Average home loans are equivalent to 270% of annual income.

One reason behind the debts is the soaring housing prices. In Seoul, home to nearly half of the country's population, housing prices are now among the highest in the world. The price to income ratio (PIR), which weighs the average price of a home to the average annual household income, is 12.04 in Seoul, compared to 8.4 in San Francisco, 8.2 in London and 5.4 in New York.
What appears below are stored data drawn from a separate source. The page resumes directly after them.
(* Let $t \geq 3$ be an integer and let $G$ be a finite, simple, connected graph that does not contain the path $P_t$ on $t$ vertices as an induced subgraph. Then in the game of cops and robbers on $G$, $t-2$ cops have a strategy that captures the robber in at most $t-1$ moves.
   Context: The game of cops and robbers on a finite simple graph $G$ with $k$ cops and one robber: first each cop chooses a starting vertex, then the robber chooses a starting vertex; thereafter the players alternate turns, starting with the cops. On the cops' turn, each cop either stays at its vertex or moves to an adjacent vertex; on the robber's turn, the robber either stays at his vertex or moves to an adjacent vertex. The cops capture the robber (and win) if at some point a cop occupies the same vertex as the robber. A "move" counts one turn of the cop player (the initial placement of the cops counting as the first move). $P_t$ denotes the path graph on $t$ vertices, and "induced subgraph" has its usual meaning. *)

theory Defs
  imports Main
begin

definition simple_graph :: "'a set \<Rightarrow> ('a \<Rightarrow> 'a \<Rightarrow> bool) \<Rightarrow> bool" where
  "simple_graph V E \<longleftrightarrow> finite V \<and> (\<forall>u v. E u v \<longrightarrow> u \<in> V \<and> v \<in> V)
     \<and> (\<forall>u v. E u v \<longrightarrow> E v u) \<and> (\<forall>v. \<not> E v v)"

definition connected_graph :: "'a set \<Rightarrow> ('a \<Rightarrow> 'a \<Rightarrow> bool) \<Rightarrow> bool" where
  "connected_graph V E \<longleftrightarrow> V \<noteq> {} \<and> (\<forall>u\<in>V. \<forall>v\<in>V. E\<^sup>*\<^sup>* u v)"

definition has_induced_path :: "'a set \<Rightarrow> ('a \<Rightarrow> 'a \<Rightarrow> bool) \<Rightarrow> nat \<Rightarrow> bool" where
  "has_induced_path V E t \<longleftrightarrow> (\<exists>f :: nat \<Rightarrow> 'a. inj_on f {..<t} \<and> (\<forall>i<t. f i \<in> V) \<and>
      (\<forall>i<t. \<forall>j<t. E (f i) (f j) \<longleftrightarrow> (i = j + 1 \<or> j = i + 1)))"

definition captured :: "nat \<Rightarrow> (nat \<Rightarrow> 'a) \<Rightarrow> 'a \<Rightarrow> bool" where
  "captured k C r \<longleftrightarrow> (\<exists>i<k. C i = r)"

definition cop_step :: "('a \<Rightarrow> 'a \<Rightarrow> bool) \<Rightarrow> nat \<Rightarrow> (nat \<Rightarrow> 'a) \<Rightarrow> (nat \<Rightarrow> 'a) \<Rightarrow> bool" where
  "cop_step E k C C' \<longleftrightarrow> (\<forall>i<k. C' i = C i \<or> E (C i) (C' i))"

text \<open>cops_win E k n C r: cops at C, robber at r, cops to move; the cops can force
  capture using at most n further cop moves (the robber moves after each cop move).\<close>
fun cops_win :: "('a \<Rightarrow> 'a \<Rightarrow> bool) \<Rightarrow> nat \<Rightarrow> nat \<Rightarrow> (nat \<Rightarrow> 'a) \<Rightarrow> 'a \<Rightarrow> bool" where
  "cops_win E k 0 C r \<longleftrightarrow> captured k C r"
| "cops_win E k (Suc n) C r \<longleftrightarrow> captured k C r \<or>
     (\<exists>C'. cop_step E k C C' \<and>
        (captured k C' r \<or> (\<forall>r'. (r' = r \<or> E r r') \<longrightarrow> cops_win E k n C' r')))"

text \<open>k cops capture the robber in at most m moves, where the initial placement of the
  cops counts as the first move (so m \<ge> 1 is needed).\<close>
definition capture_within :: "'a set \<Rightarrow> ('a \<Rightarrow> 'a \<Rightarrow> bool) \<Rightarrow> nat \<Rightarrow> nat \<Rightarrow> bool" where
  "capture_within V E k m \<longleftrightarrow> 1 \<le> m \<and>
     (\<exists>C0. (\<forall>i<k. C0 i \<in> V) \<and> (\<forall>r0\<in>V. cops_win E k (m - 1) C0 r0))"

end

theory Submission
  imports Defs
begin

text \<open>The cops occupy an induced path p_0 ... p_l, cop j standing on p_(min j l). Unless the
  robber is in the closed neighbourhood N[P] of the path, and is caught on the next move, he lies
  in a component of G - N[P] that is reached from p_l through a neighbour w of p_l not adjacent to
  p_0 ... p_(l-1). The surplus cops step from p_l to w, extending the induced path, and this
  invariant survives the robber's move. After t - 3 extensions the path has t - 2 vertices, and a
  robber outside its closed neighbourhood would yield an induced path p_0 ... p_(t-3) w d on t
  vertices.\<close>

definition dominated :: "('a \<Rightarrow> 'a \<Rightarrow> bool) \<Rightarrow> 'a set \<Rightarrow> 'a \<Rightarrow> bool" where
  "dominated E S x \<longleftrightarrow> (\<exists>s\<in>S. s = x \<or> E s x)"

definition undominated_edge :: "('a \<Rightarrow> 'a \<Rightarrow> bool) \<Rightarrow> 'a set \<Rightarrow> 'a \<Rightarrow> 'a \<Rightarrow> bool" where
  "undominated_edge E S u v \<longleftrightarrow> E u v \<and> \<not> dominated E S u \<and> \<not> dominated E S v"

definition induced_path :: "'a set \<Rightarrow> ('a \<Rightarrow> 'a \<Rightarrow> bool) \<Rightarrow> 'a list \<Rightarrow> bool" where
  "induced_path V E xs \<longleftrightarrow> distinct xs \<and> set xs \<subseteq> V \<and>
     (\<forall>j<length xs. \<forall>l<length xs. E (xs!j) (xs!l) \<longleftrightarrow> (j = l + 1 \<or> l = j + 1))"

definition robber_confined :: "'a set \<Rightarrow> ('a \<Rightarrow> 'a \<Rightarrow> bool) \<Rightarrow> 'a list \<Rightarrow> 'a \<Rightarrow> bool" where
  "robber_confined V E P r \<longleftrightarrow> induced_path V E P \<and> P \<noteq> [] \<and> r \<in> V \<and>
     (dominated E (set P) r \<or>
      (\<exists>w d. E (last P) w \<and> \<not> dominated E (set (butlast P)) w \<and> E w d
         \<and> \<not> dominated E (set P) d \<and> (undominated_edge E (set P))\<^sup>*\<^sup>* d r))"

definition cops_on_path :: "'a list \<Rightarrow> nat \<Rightarrow> 'a" where
  "cops_on_path P j = P ! min j (length P - 1)"

lemma dominated_insert [simp]:
  "dominated E (insert a S) x \<longleftrightarrow> a = x \<or> E a x \<or> dominated E S x"
  by (auto simp: dominated_def)

lemma dominated_empty [simp]: "\<not> dominated E {} x"
  by (simp add: dominated_def)

lemma rtranclp_last_entry:
  assumes "R\<^sup>*\<^sup>* a b" and "\<not> Q a" and "Q b"
  shows "\<exists>x y. R x y \<and> \<not> Q x \<and> Q y \<and> (\<lambda>u v. R u v \<and> Q u \<and> Q v)\<^sup>*\<^sup>* y b"
  using assms
proof (induction rule: rtranclp_induct)
  case base
  then show ?case by simp
next
  case (step b c)
  show ?case
  proof (cases "Q b")
    case True
    with step obtain x y where "R x y" "\<not> Q x" "Q y" "(\<lambda>u v. R u v \<and> Q u \<and> Q v)\<^sup>*\<^sup>* y b"
      by blast
    with step.hyps(2) step.prems(2) True show ?thesis
      by (metis (mono_tags, lifting) rtranclp.rtrancl_into_rtrancl)
  next
    case False
    then show ?thesis using step by blast
  qed
qed

lemma induced_path_snoc:
  assumes sg: "simple_graph V E" and P: "induced_path V E xs" "xs \<noteq> []"
    and x: "E (last xs) x" "\<not> dominated E (set (butlast xs)) x"
  shows "induced_path V E (xs @ [x])"
proof -
  have sym: "\<And>u v. E u v \<Longrightarrow> E v u" and irr: "\<And>v. \<not> E v v" and xV: "x \<in> V"
    using sg x(1) unfolding simple_graph_def by blast+
  define n where "n = length xs"
  have n: "n \<ge> 1" "last xs = xs ! (n - 1)"
    using P(2) by (auto simp: n_def last_conv_nth Suc_le_eq)
  have early: "\<not> E (xs!j) x \<and> xs!j \<noteq> x" if "j < n - 1" for j
  proof -
    have "xs ! j \<in> set (butlast xs)"
      using that by (metis n_def length_butlast nth_butlast nth_mem)
    then show ?thesis using x(2) by (auto simp: dominated_def)
  qed
  have adj: "E (xs!j) x \<longleftrightarrow> j = n - 1" if "j < n" for j
    using that early[of j] x(1) n(2) by (cases "j = n - 1") auto
  have "x \<notin> set xs"
  proof
    assume "x \<in> set xs"
    then obtain j where "j < n" "xs ! j = x" by (auto simp: n_def in_set_conv_nth)
    then show False using adj[of j] early[of j] x(1) n(2) irr by (cases "j = n - 1") auto
  qed
  moreover have "E ((xs@[x])!j) ((xs@[x])!l) \<longleftrightarrow> (j = l + 1 \<or> l = j + 1)"
    if jl: "j < n + 1" "l < n + 1" for j l
  proof -
    consider "j < n" "l < n" | "j < n" "l = n" | "j = n" "l < n" | "j = n" "l = n"
      using jl by (metis Suc_eq_plus1 less_SucE)
    then show ?thesis
    proof cases
      case 1
      then show ?thesis using P(1) by (simp add: induced_path_def nth_append n_def)
    next
      case 2
      then show ?thesis using adj[of j] n(1) by (auto simp: nth_append n_def)
    next
      case 3
      then show ?thesis using adj[of l] n(1) sym by (auto simp: nth_append n_def)
    next
      case 4
      then show ?thesis using irr by (simp add: nth_append n_def)
    qed
  qed
  ultimately show ?thesis using P(1) xV by (simp add: induced_path_def n_def)
qed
According to the Korea Real Estate Commission, 42.1% of all home purchases in January 2021 were by young Koreans in their 20s and 30s. For those in their 30s, the average amount borrowed is equivalent to 270% of their annual income.

Playing the stock market

At the same time, the South Korean stock market is booming. The increased demand to buy stocks has led to an increase in other loans such as credit. The ratio for Korean shareholders conducting credit financing, i.e. borrowing from securities companies to secure stock holdings, had reached 21.4 trillion won ($17.7 billion), further increasing the indebtedness of households.

A 30-year-old Seoul office worker who bought stocks through various forms of borrowing was interviewed by Reuters this year, and said he was "very foolish not to take advantage of the rebound."

In addition to his 100 million won ($84,000) overdraft account, he also took out a 100 million won loan against his house in Seoul, and a 50 million won stock pledge. All of these demands on the stock market have further exacerbated the problem of household debt.

42.1% of all home purchases in January 2021 were by young Koreans in their 20s and 30s

Simon Shin/SOPA Images/ZUMA

Game of survival

In response to the accumulating financial risks, the Bank of Korea has restricted the release of loans and has announced its first interest rate hike in three years at the end of August.

But experts believe that even if banks cut loans or raise interest rates, those who need money will look for other ways to borrow, often turning to more costly institutions and mechanisms.

This all risks leading to what one can call a "debt trap," one loan piling on top of another. That brings us back to the plot of Squid Game, "Either you live or I do." South Korean society has turned into a game of survival.